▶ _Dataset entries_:

lemma shift_coeffs_bracket_eq_0:
  assumes f: "local_invariant br f U" "a \<in> U" and f': "local_invariant br f' U'" "a \<in> U'"
  shows "pair x (br (dF (shift_coeff f a j) x) (dF (shift_coeff f' a k) x)) = 0 \<and>
         pair a (br (dF (shift_coeff f a j) x) (dF (shift_coeff f' a k) x)) = 0"
proof -
  have "\<forall>\<^sub>F r in at_right 0. admissible_radius f U a x j r \<and> admissible_radius f' U' a x k r"
    using f f' unfolding local_invariant_def by (intro eventually_conj eventually_admissible_radius) auto
  then obtain b where "b > 0"
    and b: "\<And>r. 0 < r \<Longrightarrow> r < b \<Longrightarrow> admissible_radius f U a x j r \<and> admissible_radius f' U' a x k r"
    unfolding eventually_at_right_field by blast
  define r r' where "r = b / 2" and "r' = b / 3"
  have "0 < r" "r < b" "0 < r'" "r' < b" "r \<noteq> r'"
    using \<open>b > 0\<close> by (simp_all add: r_def r'_def)
  then have R: "admissible_radius f U a x j r" "admissible_radius f' U' a x k r'"
    using b by blast+
  have "pair z (br (dF f (a + s *s x)) (dF f' (a + s' *s x))) = 0"
    if z: "z = x \<or> z = a" and s: "cmod s = r" and s': "cmod s' = r'" for z s s'
  proof -
    define \<zeta> \<theta> where "\<zeta> = dF f (a + s *s x)" and "\<theta> = dF f' (a + s' *s x)"
    have "a + s *s x \<in> U" "a + s' *s x \<in> U'"
      using R s s' unfolding admissible_radius_def by auto
    then have "pair (s *s x + 1 *s a) (br \<zeta> \<theta>) = 0"
      and "pair (s' *s x + 1 *s a) (br \<zeta> \<theta>) = 0"
      using local_invariant_pair_bracket[OF f(1), of _ \<theta>] local_invariant_pair_bracket[OF f'(1), of _ \<zeta>]
        pair_bracket_antisym[of "a + s' *s x" \<zeta> \<theta>]
      by (simp_all add: add.commute \<zeta>_def \<theta>_def)
    moreover have "s \<noteq> s'"
      using s s' \<open>r \<noteq> r'\<close> by auto
    ultimately show ?thesis
      using z pair_eq_0_if_independent_combinations[of s x 1 a _ s' 1] by (auto simp: \<zeta>_def \<theta>_def)
  qed
  then show ?thesis
    by (blast intro: admissible_radius_bracket_left_eq_0[OF R(1)] admissible_radius_bracket_right_eq_0[OF R(2)])
qed

lemma shift_coeff_shifted_semi_invariant_bracket_eq_0:
  assumes f: "local_invariant br f U" "a \<in> U" and g: "semi_invariant br g"
  shows "pair x (br (dF (shift_coeff f a j) x) (dF g (x + t *s a))) = 0 \<and>
         pair a (br (dF (shift_coeff f a j) x) (dF g (x + t *s a))) = 0"
proof -
  obtain w where w: "is_weight br g w"
    using semi_invariant_has_weight[OF g] by blast
  have "((\<lambda>r::real. r * cmod t) \<longlongrightarrow> 0) (at_right 0)"
    by (intro tendsto_eq_intros) auto
  then have "\<forall>\<^sub>F r in at_right 0. r * cmod t < 1"
    by (rule order_tendstoD) simp
  moreover have "\<forall>\<^sub>F r in at_right 0. admissible_radius f U a x j r"
    using f unfolding local_invariant_def by (intro eventually_admissible_radius) auto
  ultimately obtain r where "r * cmod t < 1" and R: "admissible_radius f U a x j r"
    using eventually_happens'[OF trivial_limit_at_right_real eventually_conj] by blast
  define u where "u = dF g (x + t *s a)"
  have "pair z (br (dF f (a + s *s x)) u) = 0" if z: "z = x \<or> z = a" and s: "cmod s = r" for z s
  proof -
    have "a + s *s x \<in> U"
      using R s unfolding admissible_radius_def by auto
    then have "pair (s *s x + 1 *s a) (br (dF f (a + s *s x)) u) = 0"
      and "pair (1 *s x + t *s a) (br (dF f (a + s *s x)) u) = 0"
      using local_invariant_pair_bracket[OF f(1)] is_weight_pair_bracket[OF w, of "x + t *s a"]
        weight_orthogonal_dF_local_invariant[OF f(1) _ g w]
      by (simp_all add: add.commute u_def)
    moreover have "s * t \<noteq> 1 * 1"
      using \<open>r * cmod t < 1\<close> s by (metis norm_mult norm_one mult_1 less_irrefl)
    ultimately show ?thesis
      using z pair_eq_0_if_independent_combinations[of s x 1 a _ 1 t] by auto
  qed
  then show ?thesis
    unfolding u_def[symmetric] by (blast intro: admissible_radius_bracket_left_eq_0[OF R])
qed
lemma alg_closed_dvd_iff_order_le:
  fixes p f :: "'a::alg_closed_field poly"
  assumes "p \<noteq> 0"
  shows "p dvd f \<longleftrightarrow> f = 0 \<or> (\<forall>z. order z p \<le> order z f)"
proof
  assume "p dvd f"
  then show "f = 0 \<or> (\<forall>z. order z p \<le> order z f)" using assms dvd_imp_order_le by blast
next
  assume orders: "f = 0 \<or> (\<forall>z. order z p \<le> order z f)"
  show "p dvd f"
  proof (cases "f = 0")
    case False
    define P where "P = (\<Prod>x\<in>#proots p. [:-x, 1:])"
    from False orders assms have "proots p \<subseteq># proots f" by (simp add: subseteq_mset_def)
    then obtain D where D: "proots f = proots p + D" by (metis subset_mset.le_iff_add)
    have "smult (lead_coeff p) P dvd P" using assms by (simp add: smult_dvd_iff)
    then have "p dvd P" using alg_closed_poly_decompose[of p] by (simp add: P_def)
    also have "P dvd f"
      using alg_closed_poly_decompose[of f]
      by (metis D P_def dvd_smult dvd_triv_left prod_mset.union image_mset_union)
    finally show ?thesis .
  qed simp
qed

lemma order_prod:
  fixes f :: "'b \<Rightarrow> 'a::idom poly"
  assumes "\<And>x. x \<in> A \<Longrightarrow> f x \<noteq> 0"
  shows "order z (\<Prod>x\<in>A. f x) = (\<Sum>x\<in>A. order z (f x))"
  using assms by (induction A rule: infinite_finite_induct) (auto simp: order_mult)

▶ _Task statement_: Each line in the entries above, starting at the line with "using \<open>b >" and ending at the line with "(s' *s x + 1 *s", is to be printed exactly, and only those lines.

▶ _Response for this exercise_:
    using \<open>b > 0\<close> by (simp_all add: r_def r'_def)
  then have R: "admissible_radius f U a x j r" "admissible_radius f' U' a x k r'"
    using b by blast+
  have "pair z (br (dF f (a + s *s x)) (dF f' (a + s' *s x))) = 0"
    if z: "z = x \<or> z = a" and s: "cmod s = r" and s': "cmod s' = r'" for z s s'
  proof -
    define \<zeta> \<theta> where "\<zeta> = dF f (a + s *s x)" and "\<theta> = dF f' (a + s' *s x)"
    have "a + s *s x \<in> U" "a + s' *s x \<in> U'"
      using R s s' unfolding admissible_radius_def by auto
    then have "pair (s *s x + 1 *s a) (br \<zeta> \<theta>) = 0"
      and "pair (s' *s x + 1 *s a) (br \<zeta> \<theta>) = 0"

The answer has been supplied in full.